Comme l’explique l’historien Thomas Branthôme, ce recours à l’État en temps de grave crise sanitaire s’apparente à un « appel à l’aide » de la part de citoyens sidérés par une épidémie soudaine et aux conséquences imprévisibles. Les mêmes qui, hier encore, ne juraient que par la réduction de la place de l’État, trop présent, trop lourd, trop gourmand, s’en sont fait les défenseurs : de l’État viendrait le salut sanitaire, économique et social. Mais qu’en est-il précisément, quelques semaines plus tard ?

Une fois de plus, le décalage entre le discours présidentiel et les faits est cruel. Nous pourrions nous en étonner si cette distorsion ne constituait pas un mode de gouvernement systématique de l’ère Macron. Nous pourrions nous en amuser si les conséquences n’étaient pas dramatiques.

« Nous attendions un État stratège, à même de construire une réponse économique et industrielle, en se saisissant des prérogatives qui sont pourtant les siennes et des outils existants. »

Car si les Français ont appelé au secours l’État, un autre sentiment a rapidement prédominé : la honte. La honte de constater que, dans la sixième puissance mondiale, la réponse gouvernementale n’a pas été à la hauteur. Nous attendions un État fort, capable d’organiser la riposte sanitaire et de mettre à disposition de chacun l’équipement nécessaire, et avant tout des personnels soignants. Nous attendions un État stratège, à même de construire une réponse économique et industrielle, en se saisissant des prérogatives qui sont pourtant les siennes et des outils existants, tels que les réquisitions d’usines ou les nationalisations d’entreprises. Il n’en a rien été. La pénurie de masques a frappé partout les soignants et les travailleurs clés, n’en déplaise au chef de l’État. La réponse industrielle de la France a été minimaliste, faute de volonté politique. Enfin, aux engagements se sont substitués des promesses et des renoncements. Face aux défaillances successives, les Françaises et les Français ont opté, contraints, pour la débrouille généralisée, pour le meilleur – les élans d’entraide et de solidarité – et souvent pour le pire.

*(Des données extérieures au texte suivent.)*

lemma deg2_steps_lift:
  assumes "(deg2_step q)\<^sup>*\<^sup>* (image_mset tl X) Y" "set_mset X \<subseteq> words (Suc q)"
  shows "\<exists>X'. (deg2_step (Suc q))\<^sup>*\<^sup>* X X' \<and> image_mset tl X' = Y"
  using assms(1)
proof (induction rule: rtranclp_induct)
  case (step Y Y')
  then obtain X' where X': "(deg2_step (Suc q))\<^sup>*\<^sup>* X X'" "image_mset tl X' = Y" by blast
  moreover obtain X'' where "deg2_step (Suc q) X' X''" "image_mset tl X'' = Y'"
    using deg2_step_lift step(2) X' deg2_steps_words[OF X'(1) assms(2)] by metis
  ultimately show ?case by (blast intro: rtranclp.rtrancl_into_rtrancl)
qed blast

lemma deg2_step_exchange_heads:
  assumes X: "set_mset X \<subseteq> words (Suc q)" and a: "t # w \<in># X" and b: "t' # w' \<in># X"
    and "t' = 1 - t" "w \<noteq> w'" "parity w = parity w'"
  obtains N where "X = N + {#t # w, t' # w'#}" "deg2_step (Suc q) X (N + {#t' # w, t # w'#})"
proof -
  have "t \<in> {0, 1}" "w \<in> words q" "w' \<in> words q" using X a b by auto
  then have words: "{t # w, t' # w', t' # w, t # w'} \<subseteq> words (Suc q)" and "t \<noteq> t'"
    using \<open>t' = 1 - t\<close> by auto
  obtain N where N: "X = N + {#t # w, t' # w'#}"
    using multi_member_pair_split[OF _ a b] \<open>t \<noteq> t'\<close> by blast
  moreover have "deg2_step (Suc q) X (N + {#t' # w, t # w'#})"
    unfolding deg2_step_def
  proof (intro exI conjI)
    show "X = N + {#t # w, t' # w'#}" by (fact N)
    show "{t # w, t' # w', t' # w, t # w'} \<subseteq> words (Suc q)" by (fact words)
    show "distinct [t # w, t' # w', t' # w, t # w']" using \<open>t \<noteq> t'\<close> \<open>w \<noteq> w'\<close> by simp
    show "\<forall>m<Suc q. (t # w) ! m + (t' # w') ! m = (t' # w) ! m + (t # w') ! m"
      by (auto simp: nth_Cons')
    show "parity (t # w) + parity (t' # w') = parity (t' # w) + parity (t # w')"
      using \<open>parity w = parity w'\<close> by (simp add: parity_Cons)
  qed simp
  ultimately show thesis by (rule that)
qed

lemma deg2_step_same_tails_closer:
  assumes X: "set_mset X \<subseteq> words (Suc q)" and Y: "set_mset Y \<subseteq> words (Suc q)"
    and margin: "margin (Suc q) X = margin (Suc q) Y" and tails: "image_mset tl X = image_mset tl Y"
    and "X \<noteq> Y"
  obtains X' where "deg2_step (Suc q) X X'" "image_mset tl X' = image_mset tl Y"
    "size (X' - Y) < size (X - Y)"
proof -
  have "size X = size Y" using margin by (simp add: margin_eq_iff)
  then obtain v where "count Y v < count X v"
    using size_eq_ex_count_lt \<open>X \<noteq> Y\<close> by metis
  moreover from this have "v \<in># X" by (simp add: count_gt_imp_in_mset)
  then obtain t w where v: "v = t # w" "t \<in> {0, 1}" "w \<in> words q"
    using X by (auto elim!: words_SucE)
  define t' where "t' = 1 - t"
  have same_tail: "count X (t # y) + count X (t' # y) = count Y (t # y) + count Y (t' # y)" for y
    using count_image_tl[OF X, of y] count_image_tl[OF Y, of y] tails v(2) by (auto simp: t'_def)
  let ?P = "\<lambda>x. parity (tl x) = parity w \<and> hd x = t"
  have "class_count X (parity w) t = class_count Y (parity w) t"
    using class_counts_eq[OF X Y margin] odd_tails_image_tl[of X] odd_tails_image_tl[of Y]
      tails parity_le_1 v(2) by auto
  then obtain u where u: "?P u" "u \<noteq> v" "count X u < count Y u"
    using count_less_elsewhere[of ?P X Y v] \<open>count Y v < count X v\<close> v(1)
    unfolding class_count_def by auto
  moreover from this have "u \<in> words (Suc q)" using Y by (auto simp: count_gt_imp_in_mset)
  then obtain t2 w' where "u = t2 # w'" by (auto elim: words_SucE)
  ultimately have w': "u = t # w'" "parity w' = parity w" "w' \<noteq> w"
    using v(1) by auto
  have v': "count X (t' # w) < count Y (t' # w)"
    using same_tail[of w] \<open>count Y v < count X v\<close> v(1) by simp
  have u': "count Y (t' # w') < count X (t' # w')"
    using same_tail[of w'] u(3) w'(1) by simp
  obtain N where N: "X = N + {#t # w, t' # w'#}"
    and step: "deg2_step (Suc q) X (N + {#t' # w, t # w'#})"
  proof (rule deg2_step_exchange_heads[OF X, of t w t' w'])
    show "t # w \<in># X" using \<open>v \<in># X\<close> v(1) by simp
    show "t' # w' \<in># X" using u' by (metis not_in_iff not_less0)
  qed (use w' t'_def in auto)
  have "image_mset tl (N + {#t' # w, t # w'#}) = image_mset tl Y" using N tails by simp
  moreover have "size (N + {#t' # w, t # w'#} - Y) < size (X - Y)"
  proof (rule size_diff_exchange_less[OF N])
    show "distinct [t # w, t' # w', t' # w, t # w']" using v(2) w'(3) by (auto simp: t'_def)
  qed (use v' u' \<open>count Y v < count X v\<close> u(3) v(1) w'(1) in auto)
  ultimately show thesis by (rule that[OF step])
qed

lemma deg2_steps_same_tails:
  assumes "set_mset X \<subseteq> words (Suc q)" "set_mset Y \<subseteq> words (Suc q)"
    and "margin (Suc q) X = margin (Suc q) Y" "image_mset tl X = image_mset tl Y"
  shows "(deg2_step (Suc q))\<^sup>*\<^sup>* X Y"
  using assms
proof (induction "size (X - Y)" arbitrary: X rule: less_induct)
  case less
  show ?case
  proof (cases "X = Y")
    case False
    with less.prems obtain X' where step: "deg2_step (Suc q) X X'"
      and tails: "image_mset tl X' = image_mset tl Y" and closer: "size (X' - Y) < size (X - Y)"
      by (rule deg2_step_same_tails_closer)
    have "(deg2_step (Suc q))\<^sup>*\<^sup>* X' Y"
      using deg2_step_margin[OF step] less.prems(3)
      by (intro less.hyps[OF closer deg2_step_words[OF step less.prems(1)] less.prems(2) _ tails]) simp
    with step show ?thesis by (rule converse_rtranclp_into_rtranclp)
  qed simp
qed

definition margin_connected :: "nat \<Rightarrow> bool" where
  "margin_connected q \<longleftrightarrow> (\<forall>X Y. set_mset X \<subseteq> words q \<longrightarrow> set_mset Y \<subseteq> words q \<longrightarrow>
     margin q X = margin q Y \<longrightarrow> (deg2_step q)\<^sup>*\<^sup>* X Y)"

lemma margin_connectedD:
  "margin_connected q \<Longrightarrow> set_mset X \<subseteq> words q \<Longrightarrow> set_mset Y \<subseteq> words q \<Longrightarrow>
    margin q X = margin q Y \<Longrightarrow> (deg2_step q)\<^sup>*\<^sup>* X Y"
  unfolding margin_connected_def by blast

Mais de quel État parle-t-on ? Ses fonctionnaires ? Évidemment non : en ordre de bataille dès les premiers jours, ils se sont mobilisés nuit et jour, dans des conditions parfois indignes, pour éviter l’effondrement complet de services pourtant indispensables à la population. Rendons-leur hommage.

 « Ce dont on parle ici, c’est la défaillance d’un gouvernement et d’une idéologie qui consiste à appliquer une méthodologie bien éprouvée. »

Ce dont on parle ici, c’est la défaillance d’un gouvernement et d’une idéologie qui consiste à appliquer une méthodologie bien éprouvée. Cette dernière est une valse libérale en trois temps : d’abord, couper les budgets et sabrer les effectifs des services publics, au nom de l’efficacité et de la compétitivité ; puis constater, faussement surpris, la dégradation du service rendu aux habitants, et s’en émouvoir publiquement ; enfin, pour y remédier, proposer la privatisation de pans entiers de notre société.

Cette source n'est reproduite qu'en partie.